Hi All,
I'm having problems determining the value of the firm's assets and the asset's volatility with the merton's model. I understand that to solve for the asset value and volatility, we have to go through iterations of the Newton rhapson method, coupled with the complexity of merton's model and ito's lemma would be extremely exhausting to work on by hand. I was wondering if there is a software or a programme for those calculations.
I have several questions regarding the merton model as well
1) Debt value - I was looking at balance sheets of financial institution for their debt value, specifically their total liabilities. Am i looking at the right place?
2) The r in the merton's model, sometimes it refers to expected return and sometimes it is refered to as risk-free interest rate. What is the rationale for that and which one is more approproate if i'm determining PD for banks.
3) Ito's lemma, has a component, volatility of equity returns. I determine that value by taking the standard deviation of the percentage difference of daily stock prices.
Eg:
Date, Stock price, Percent Change,
1st Jan 2007, 22.2
2nd Jan 2007, 22.3, 0.45%
3rd Jan 2007, 22.1, -0.90%
The PX change is calculated by taking the ln of the current day divided by the previous day. Therefore 0.45% on 3/1/2007 is calculated by taking ln(22.3/22.2). It is calculated in this fashion all the way towards the end of the year.

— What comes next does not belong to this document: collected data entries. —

lemma lie_deriv_Vfun_SigmaX:
  fixes p u :: "real^2" and \<alpha> c a w :: real and m :: nat
  assumes sm: "smooth \<psi>"
  defines "A \<equiv> grad \<psi> p \<bullet> u" and "B \<equiv> grad \<psi> p \<bullet> perp u"
    and "h \<equiv> hess \<psi> p u \<bullet> (u - perp u)" and "e \<equiv> a * phi \<psi> \<alpha> c m a (p, u) + w"
  shows "lie_deriv (Vfun \<psi> y \<epsilon>) (SigmaX \<psi> \<alpha> c \<Omega> m a w) (p, u)
    = - ((\<alpha> * c / 2 * A + e) * A) + \<epsilon> * (2 * (A - B) * ((\<alpha> * c / 2 * A + e) * h + \<Omega> * (A + B)))"
proof -
  have Sigma: "SigmaX \<psi> \<alpha> c \<Omega> m a w (p, u) = ((\<alpha> * c / 2 * A + e) *\<^sub>R u, \<Omega> *\<^sub>R perp u)"
    by (simp add: SigmaX_def A_def e_def)
  have hess: "hess \<psi> p ((\<alpha> * c / 2 * A + e) *\<^sub>R u) = (\<alpha> * c / 2 * A + e) *\<^sub>R hess \<psi> p u"
    using bounded_linear_hess[OF sm] by (simp add: linear_simps)
  have perp: "perp (\<Omega> *\<^sub>R perp u) = - (\<Omega> *\<^sub>R u)"
    using linear_cmul[OF linear_perp] perp_perp by simp
  show ?thesis
    unfolding lie_deriv_def frechet_derivative_at[OF has_derivative_Vfun[OF sm], symmetric] Sigma
    using hess perp
    by (simp add: A_def B_def h_def inner_diff_right inner_add_right algebra_simps inner_commute)
qed


lemma mult_le_weighted_squares:
  fixes K \<Omega> x y :: real
  assumes "\<Omega> > 0"
  shows "K * x * y \<le> \<Omega> * y\<^sup>2 + K\<^sup>2 / (4 * \<Omega>) * x\<^sup>2"
proof -
  have "0 \<le> (2 * \<Omega> * y - K * x)\<^sup>2" by simp
  then have "4 * \<Omega> * (K * x * y) \<le> 4 * \<Omega> * (\<Omega> * y\<^sup>2 + K\<^sup>2 / (4 * \<Omega>) * x\<^sup>2)"
    using assms by (simp add: power2_eq_square algebra_simps)
  then show ?thesis using assms by simp
qed

lemma perturbation_term_le:
  fixes A B N h e \<epsilon> C :: real
  assumes "\<bar>A\<bar> \<le> N" "\<bar>B\<bar> \<le> N" and "\<bar>h\<bar> \<le> 2 * C"
    and "\<epsilon> > 0" "8 * \<epsilon> * C \<le> 1"
  shows "- (e * A) + 2 * \<epsilon> * (A - B) * e * h \<le> 2 * \<bar>e\<bar> * N"
proof -
  have "- (e * A) \<le> \<bar>e\<bar> * N"
    using assms(1) by (metis abs_ge_minus_self abs_mult abs_ge_zero mult_left_mono order_trans)
  moreover have "\<bar>2 * \<epsilon> * (A - B) * e * h\<bar> = 2 * \<epsilon> * \<bar>A - B\<bar> * \<bar>e\<bar> * \<bar>h\<bar>"
    using assms(4) by (simp add: abs_mult)
  moreover have "\<dots> \<le> 2 * \<epsilon> * (2 * N) * \<bar>e\<bar> * (2 * C)"
    using assms(1-4) by (intro mult_mono mult_left_mono) auto
  moreover have "\<dots> = (8 * \<epsilon> * C) * (\<bar>e\<bar> * N)" by simp
  moreover have "\<dots> \<le> \<bar>e\<bar> * N"
    using assms(1,5) mult_right_mono[OF assms(5), of "\<bar>e\<bar> * N"] by simp
  ultimately show ?thesis by linarith
qed

lemma drift_term_le:
  fixes A B h \<beta> \<epsilon> C K \<Omega> :: real
  assumes "\<bar>h\<bar> \<le> 2 * C" and "\<Omega> > 0" "\<beta> > 0" "\<epsilon> > 0"
    and K: "K = 4 * \<beta> * C" and small: "\<epsilon> * (K + K\<^sup>2 / (4 * \<Omega>) + 3 * \<Omega>) \<le> \<beta>"
  shows "- (\<beta> * A\<^sup>2) + 2 * \<epsilon> * (A - B) * (\<beta> * A) * h + 2 * \<epsilon> * \<Omega> * (A\<^sup>2 - B\<^sup>2)
    \<le> - (\<epsilon> * \<Omega> * (A\<^sup>2 + B\<^sup>2))"
proof -
  have "2 * \<epsilon> * (A - B) * (\<beta> * A) * h \<le> \<bar>2 * \<epsilon> * (A - B) * (\<beta> * A) * h\<bar>"
    by simp
  also have "\<dots> = 2 * \<epsilon> * \<beta> * (\<bar>A - B\<bar> * \<bar>A\<bar>) * \<bar>h\<bar>"
    using assms(3,4) by (simp add: abs_mult)
  also have "\<dots> \<le> 2 * \<epsilon> * \<beta> * ((\<bar>A\<bar> + \<bar>B\<bar>) * \<bar>A\<bar>) * (2 * C)"
    using assms(1,3,4) by (intro mult_mono mult_left_mono) auto
  also have "\<dots> = \<epsilon> * K * A\<^sup>2 + \<epsilon> * (K * \<bar>A\<bar> * \<bar>B\<bar>)"
    by (simp add: K power2_eq_square algebra_simps)
  also have "\<dots> \<le> \<epsilon> * K * A\<^sup>2 + \<epsilon> * (\<Omega> * B\<^sup>2 + K\<^sup>2 / (4 * \<Omega>) * A\<^sup>2)"
    using mult_le_weighted_squares[OF assms(2), of K "\<bar>A\<bar>" "\<bar>B\<bar>"] assms(4) by simp
  finally have cross: "2 * \<epsilon> * (A - B) * (\<beta> * A) * h
      \<le> \<epsilon> * K * A\<^sup>2 + \<epsilon> * (\<Omega> * B\<^sup>2 + K\<^sup>2 / (4 * \<Omega>) * A\<^sup>2)" .
  have "A\<^sup>2 * (\<epsilon> * (K + K\<^sup>2 / (4 * \<Omega>) + 3 * \<Omega>)) \<le> A\<^sup>2 * \<beta>"
    using small by (intro mult_left_mono) auto
  with cross show ?thesis by (simp add: algebra_simps)
qed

Sigma A is actually the volatility of the stock value. It is calculated by taking the standard deviation of all the PX change from 1/1/2007 to 31/12/2007 then multiplying by the square root of 365. I think its the wrong way but I don't know the right way
I apologise if my questions sound like I never took any banking modules at school. Truth is I never did and this research paper is what i was assigned. I'm at my wits end and I would appreciate any help i can get here.